对此,要探究制定第18条所持目的,究竟《公司法解释三》设立第18条欲规制何种行为。
若第18条是要针对股东抽逃出资行为,而不仅是未履行或者未全面履行出资义务,这里语义过窄,那么可扩大解释。
但扩大解释仍然是狭义解释方法的一种,对法律的扩大解释要求在法律条文的文义射程内进行解释。
[26]一旦超出了解释范围,容易得出与文义相悖的结论。
前文已述,《公司法解释三》对“未履行或者未全面履行出资义务”的如何认定作出了具体规定,与“抽逃出资”的认定也无交叉,抽逃出资属于“未经法定程序将出资抽回”,“已出资后又抽回”,其并不在“未履行或者未全面履行出资义务”的范畴之中,无法扩大解释。
也有裁判观点[27]提出要进行目的解释,裁判理由援引了最高人民法院有关负责同志就《公司法解释三》答记者问时指出:“由于抽逃出资导致的法律后果与未尽出资义务导致的法律后果基本相同,所以我们对抽逃出资的民事责任作了与未尽出资义务的民事责任基本相同的规定”。
然而,毕竟抽逃出资具有一定特殊性,是否可将其参照“未尽出资义务即转让股权”情形,受让人知道或者应当知道时,由受让人承担连带出资责任或补充赔偿责任,无法由此得出肯定结论。

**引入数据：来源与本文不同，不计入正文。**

lemma coeff_vanishing_poly:
  fixes B :: "'a::comm_ring_1 set"
  assumes "finite B" and "r \<le> card B"
  shows "coeff (vanishing_poly B) (card B - r) = (-1) ^ r * esym r B"
proof -
  have "vanishing_poly B = (\<Prod>b\<in>B. [:-b:] + monom 1 1)"
    unfolding vanishing_poly_def by (intro prod.cong) (simp_all add: monom_Suc)
  also have "\<dots> = (\<Sum>S\<in>Pow B. monom ((-1) ^ card S * \<Prod>S) (card B - card S))"
    using assms(1) by (simp add: prod_add prod_to_poly prod_uminus monom_power smult_monom
        card_Diff_subset finite_subset)
  finally have expand: "vanishing_poly B = \<dots>" .
  have "coeff (vanishing_poly B) (card B - r)
      = (\<Sum>S\<in>Pow B. if card S = r then (-1) ^ r * \<Prod>S else 0)"
    unfolding expand coeff_sum
  proof (rule sum.cong)
    fix S assume "S \<in> Pow B"
    then have "card S \<le> card B" using assms(1) by (simp add: card_mono)
    then show "coeff (monom ((-1) ^ card S * \<Prod>S) (card B - card S)) (card B - r)
        = (if card S = r then (-1) ^ r * \<Prod>S else 0)"
      using assms(2) by (auto simp: coeff_monom)
  qed simp
  also have "\<dots> = (\<Sum>S\<in>{S. S \<subseteq> B \<and> card S = r}. (-1) ^ r * \<Prod>S)"
    using assms(1) by (simp add: sum.inter_filter[symmetric] Pow_def)
  finally show ?thesis
    by (simp add: esym_def sum_distrib_left)
qed

lemma degree_vanishing_poly: "finite B \<Longrightarrow> degree (vanishing_poly B) = card B"
  for B :: "'a::idom set"
  by (simp add: vanishing_poly_def degree_prod_sum_eq)

lemma lead_coeff_vanishing_poly: "lead_coeff (vanishing_poly B) = 1"
  for B :: "'a::idom set"
  by (simp add: vanishing_poly_def lead_coeff_prod)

而且《公司法解释三》对“抽逃出资”以及“未履行或者未全面履行出资义务”的法律责任既有分开规定,比如第13、14、18条,也有统一规定,比如第16、17、19条,尤其是涉及到连带责任,承担连带责任的主体、范围、情形等并不一致。
综上,用狭义的法律解释方法无法得出《公司法解释三》第18条可适用于“抽逃出资”的情形,对于股东抽逃出资后转让股权,受让人应该承担何种责任,《公司法解释三》并没有明确规定。